» **Assignment**
Scan the records beneath this line for the line holding "< dim_row (((-1)" and the line holding "s)))) $$ (i, j)) has_vector_derivative", then transcribe exactly those two and all lines between.

» **Entries supplied**
lemma eps_apply:
  assumes "1 \<le> n"
  shows "eps t n = (-1) ^ Suc n * t n"
  using assms by (auto simp: eps_def)

lemma has_tderiv_eps:
  assumes n: "1 \<le> n" and D: "has_tderiv \<Phi> n (eps t) D"
  shows "has_tderiv (\<lambda>s. \<Phi> (eps s)) n t (((-1) ^ Suc n) \<cdot>\<^sub>m D)"
  unfolding has_tderiv_def
proof (intro allI impI)
  fix i j assume "i < dim_row (((-1) ^ Suc n) \<cdot>\<^sub>m D)" "j < dim_col (((-1) ^ Suc n) \<cdot>\<^sub>m D)"
  then have ij: "i < dim_row D" "j < dim_col D" by auto
  define e :: real where "e = (-1) ^ Suc n"
  have "((\<lambda>u. \<Phi> ((eps t)(n := u)) $$ (i, j)) has_vector_derivative D $$ (i, j)) (at (e * t n))"
    using D ij eps_apply[OF n] unfolding has_tderiv_def e_def by auto
  then have "(((\<lambda>u. \<Phi> ((eps t)(n := u)) $$ (i, j)) \<circ> (\<lambda>s. e * s))
      has_vector_derivative e *\<^sub>R D $$ (i, j)) (at (t n))"
    by (intro vector_diff_chain_at derivative_eq_intros) auto
  moreover have "e *\<^sub>R D $$ (i, j) = (((-1) ^ Suc n) \<cdot>\<^sub>m D) $$ (i, j)"
    using ij by (simp add: e_def scaleR_conv_of_real)
  ultimately show "((\<lambda>s. \<Phi> (eps (t(n := s))) $$ (i, j)) has_vector_derivative
      (((-1) ^ Suc n) \<cdot>\<^sub>m D) $$ (i, j)) (at (t n))"
    by (simp add: eps_fun_upd[OF n] e_def o_def)
qed

lemma has_tderiv_smult_transpose:
  assumes \<Phi>: "\<And>s. \<Phi> s \<in> carrier_mat m k" and D: "D \<in> carrier_mat m k"
    and deriv: "has_tderiv \<Phi> n t D"
  shows "has_tderiv (\<lambda>s. a \<cdot>\<^sub>m transpose_mat (\<Phi> s)) n t (a \<cdot>\<^sub>m transpose_mat D)"
  unfolding has_tderiv_def
proof (intro allI impI)
  fix i j assume "i < dim_row (a \<cdot>\<^sub>m transpose_mat D)" "j < dim_col (a \<cdot>\<^sub>m transpose_mat D)"
  then have ij: "i < k" "j < m" using D by auto
  have "((\<lambda>s. \<Phi> (t(n := s)) $$ (j, i)) has_vector_derivative D $$ (j, i)) (at (t n))"
    using deriv ij D unfolding has_tderiv_def by auto
  then have "((\<lambda>s. a * \<Phi> (t(n := s)) $$ (j, i)) has_vector_derivative a * D $$ (j, i)) (at (t n))"
    by (rule has_vector_derivative_mult_right)
  then show "((\<lambda>s. (a \<cdot>\<^sub>m transpose_mat (\<Phi> (t(n := s)))) $$ (i, j)) has_vector_derivative
      (a \<cdot>\<^sub>m transpose_mat D) $$ (i, j)) (at (t n))"
    using ij D \<Phi>[THEN carrier_matD(1)] \<Phi>[THEN carrier_matD(2)] by simp
qed

lemma smult_mult_smult_mat:
  assumes "A \<in> carrier_mat m n" "B \<in> carrier_mat n k"
  shows "(a \<cdot>\<^sub>m A) * (b \<cdot>\<^sub>m B) = (a * b :: 'a :: comm_ring_1) \<cdot>\<^sub>m (A * B)"
  by (rule eq_matI) (use assms in \<open>auto simp: scalar_prod_def sum_distrib_left algebra_simps\<close>)

lemma riccati_rhs_transpose:
  fixes Rk Qk Sk Lk X :: "'a :: comm_ring_1 mat" and c \<sigma> :: 'a
  assumes carrier: "Rk \<in> carrier_mat N N" "Qk \<in> carrier_mat N N" "Sk \<in> carrier_mat N N"
      "Lk \<in> carrier_mat N N" "X \<in> carrier_mat N N"
    and \<sigma>: "\<sigma> * \<sigma> = 1"
  defines "\<Psi> \<equiv> \<sigma> \<cdot>\<^sub>m transpose_mat X"
  shows "(- (c * \<sigma>)) \<cdot>\<^sub>m transpose_mat Sk + (c \<cdot>\<^sub>m transpose_mat Rk) * \<Psi>
      - \<Psi> * (c \<cdot>\<^sub>m transpose_mat Lk) - \<Psi> * ((- (c * \<sigma>)) \<cdot>\<^sub>m transpose_mat Qk) * \<Psi>
    = \<sigma> \<cdot>\<^sub>m transpose_mat ((- c) \<cdot>\<^sub>m (Sk + Lk * X - X * Rk - X * Qk * X))"
proof -
  have cubic: "\<Psi> * ((- (c * \<sigma>)) \<cdot>\<^sub>m transpose_mat Qk) * \<Psi>
      = (- (c * \<sigma>)) \<cdot>\<^sub>m (transpose_mat X * transpose_mat Qk * transpose_mat X)"
  proof -
    have "\<sigma> * (- (c * \<sigma>)) * \<sigma> = - (c * \<sigma>) * (\<sigma> * \<sigma>)" by (simp add: algebra_simps)
    then show ?thesis
      unfolding \<Psi>_def using carrier \<sigma> by (simp add: smult_mult_smult_mat[of _ N N _ N])
  qed
  have "\<sigma> \<cdot>\<^sub>m transpose_mat ((- c) \<cdot>\<^sub>m (Sk + Lk * X - X * Rk - X * Qk * X))
      = (- (c * \<sigma>)) \<cdot>\<^sub>m transpose_mat (Sk + Lk * X - X * Rk - X * Qk * X)"
    by (rule eq_matI) auto
  also have "transpose_mat (Sk + Lk * X - X * Rk - X * Qk * X) = transpose_mat Sk
      + transpose_mat X * transpose_mat Lk - transpose_mat Rk * transpose_mat X
      - transpose_mat X * transpose_mat Qk * transpose_mat X"
    using carrier by (simp add: transpose_add[of _ N N] transpose_minus[of _ N N] transpose_mult[of _ N N _ N]
        minus_carrier_mat)
  finally show ?thesis
    unfolding cubic unfolding \<Psi>_def using carrier
    by (intro eq_matI) (auto simp: smult_mult_smult_mat[of _ N N _ N] algebra_simps)
qed

theorem lemma5p1:
  fixes N :: nat and L R Q S :: "complex mat" and \<sigma> :: complex
    and \<Phi> :: "(nat \<Rightarrow> real) \<Rightarrow> complex mat"
  assumes "N > 0"
    and "L \<in> carrier_mat N N" "R \<in> carrier_mat N N" "Q \<in> carrier_mat N N" "S \<in> carrier_mat N N"
    and "\<sigma> = 1 \<or> \<sigma> = -1"
    and "riccati_sol N L R Q S \<Phi>"
  shows "riccati_sol N (- transpose_mat R) (- transpose_mat L)
           (\<sigma> \<cdot>\<^sub>m transpose_mat Q) (\<sigma> \<cdot>\<^sub>m transpose_mat S)
           (\<lambda>t. \<sigma> \<cdot>\<^sub>m transpose_mat (\<Phi> (eps t)))"
  unfolding riccati_sol_def
proof (intro conjI allI impI)
  note data = assms(2-5)
  have \<sigma>: "\<sigma> * \<sigma> = 1" using assms(6) by auto
  have \<Phi>: "\<And>t. \<Phi> t \<in> carrier_mat N N" using assms(7) by (simp add: riccati_sol_def)
  then show "\<And>t. \<sigma> \<cdot>\<^sub>m transpose_mat (\<Phi> (eps t)) \<in> carrier_mat N N" by simp
  fix n :: nat and t assume n: "1 \<le> n"
  obtain Rk Qk Sk Lk where blocks: "Hblocks N L R Q S n = (Rk, Qk, Sk, Lk)"
    by (metis prod_cases4)
  note carrier = Hblocks_carrier[OF data blocks] \<Phi>[of "eps t"]
  let ?D = "Sk + Lk * \<Phi> (eps t) - \<Phi> (eps t) * Rk - \<Phi> (eps t) * Qk * \<Phi> (eps t)"
  let ?\<Psi> = "\<lambda>t. \<sigma> \<cdot>\<^sub>m transpose_mat (\<Phi> (eps t))"
  have D: "?D \<in> carrier_mat N N" using carrier by (simp add: minus_carrier_mat)
  have "has_tderiv \<Phi> n (eps t) ?D"
    using assms(7) n blocks by (auto simp: riccati_sol_def)
  then have "has_tderiv (\<lambda>s. \<Phi> (eps s)) n t ((-1) ^ Suc n \<cdot>\<^sub>m ?D)"
    by (rule has_tderiv_eps[OF n])
  then have "has_tderiv ?\<Psi> n t (\<sigma> \<cdot>\<^sub>m transpose_mat ((-1) ^ Suc n \<cdot>\<^sub>m ?D))"
    by (rule has_tderiv_smult_transpose[OF \<Phi> smult_carrier_mat[OF D]])
  then show "case Hblocks N (- transpose_mat R) (- transpose_mat L) (\<sigma> \<cdot>\<^sub>m transpose_mat Q)
      (\<sigma> \<cdot>\<^sub>m transpose_mat S) n of (Rk, Qk, Sk, Lk) \<Rightarrow>
    has_tderiv ?\<Psi> n t (Sk + Lk * ?\<Psi> t - ?\<Psi> t * Rk - ?\<Psi> t * Qk * ?\<Psi> t)"
    by (simp add: Hblocks_transform[OF data \<sigma> blocks] riccati_rhs_transpose[OF carrier \<sigma>])
qed

end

» **Solution to this problem**
  fix i j assume "i < dim_row (((-1) ^ Suc n) \<cdot>\<^sub>m D)" "j < dim_col (((-1) ^ Suc n) \<cdot>\<^sub>m D)"
  then have ij: "i < dim_row D" "j < dim_col D" by auto
  define e :: real where "e = (-1) ^ Suc n"
  have "((\<lambda>u. \<Phi> ((eps t)(n := u)) $$ (i, j)) has_vector_derivative D $$ (i, j)) (at (e * t n))"
    using D ij eps_apply[OF n] unfolding has_tderiv_def e_def by auto
  then have "(((\<lambda>u. \<Phi> ((eps t)(n := u)) $$ (i, j)) \<circ> (\<lambda>s. e * s))
      has_vector_derivative e *\<^sub>R D $$ (i, j)) (at (t n))"
    by (intro vector_diff_chain_at derivative_eq_intros) auto
  moreover have "e *\<^sub>R D $$ (i, j) = (((-1) ^ Suc n) \<cdot>\<^sub>m D) $$ (i, j)"
    using ij by (simp add: e_def scaleR_conv_of_real)
  ultimately show "((\<lambda>s. \<Phi> (eps (t(n := s))) $$ (i, j)) has_vector_derivative
      (((-1) ^ Suc n) \<cdot>\<^sub>m D) $$ (i, j)) (at (t n))"
    by (simp add: eps_fun_upd[OF n] e_def o_def)
qed

lemma has_tderiv_smult_transpose:
  assumes \<Phi>: "\<And>s. \<Phi> s \<in> carrier_mat m k" and D: "D \<in> carrier_mat m k"
    and deriv: "has_tderiv \<Phi> n t D"
  shows "has_tderiv (\<lambda>s. a \<cdot>\<^sub>m transpose_mat (\<Phi> s)) n t (a \<cdot>\<^sub>m transpose_mat D)"
  unfolding has_tderiv_def
proof (intro allI impI)
  fix i j assume "i < dim_row (a \<cdot>\<^sub>m transpose_mat D)" "j < dim_col (a \<cdot>\<^sub>m transpose_mat D)"
  then have ij: "i < k" "j < m" using D by auto
  have "((\<lambda>s. \<Phi> (t(n := s)) $$ (j, i)) has_vector_derivative D $$ (j, i)) (at (t n))"
    using deriv ij D unfolding has_tderiv_def by auto
  then have "((\<lambda>s. a * \<Phi> (t(n := s)) $$ (j, i)) has_vector_derivative a * D $$ (j, i)) (at (t n))"
    by (rule has_vector_derivative_mult_right)
  then show "((\<lambda>s. (a \<cdot>\<^sub>m transpose_mat (\<Phi> (t(n := s)))) $$ (i, j)) has_vector_derivative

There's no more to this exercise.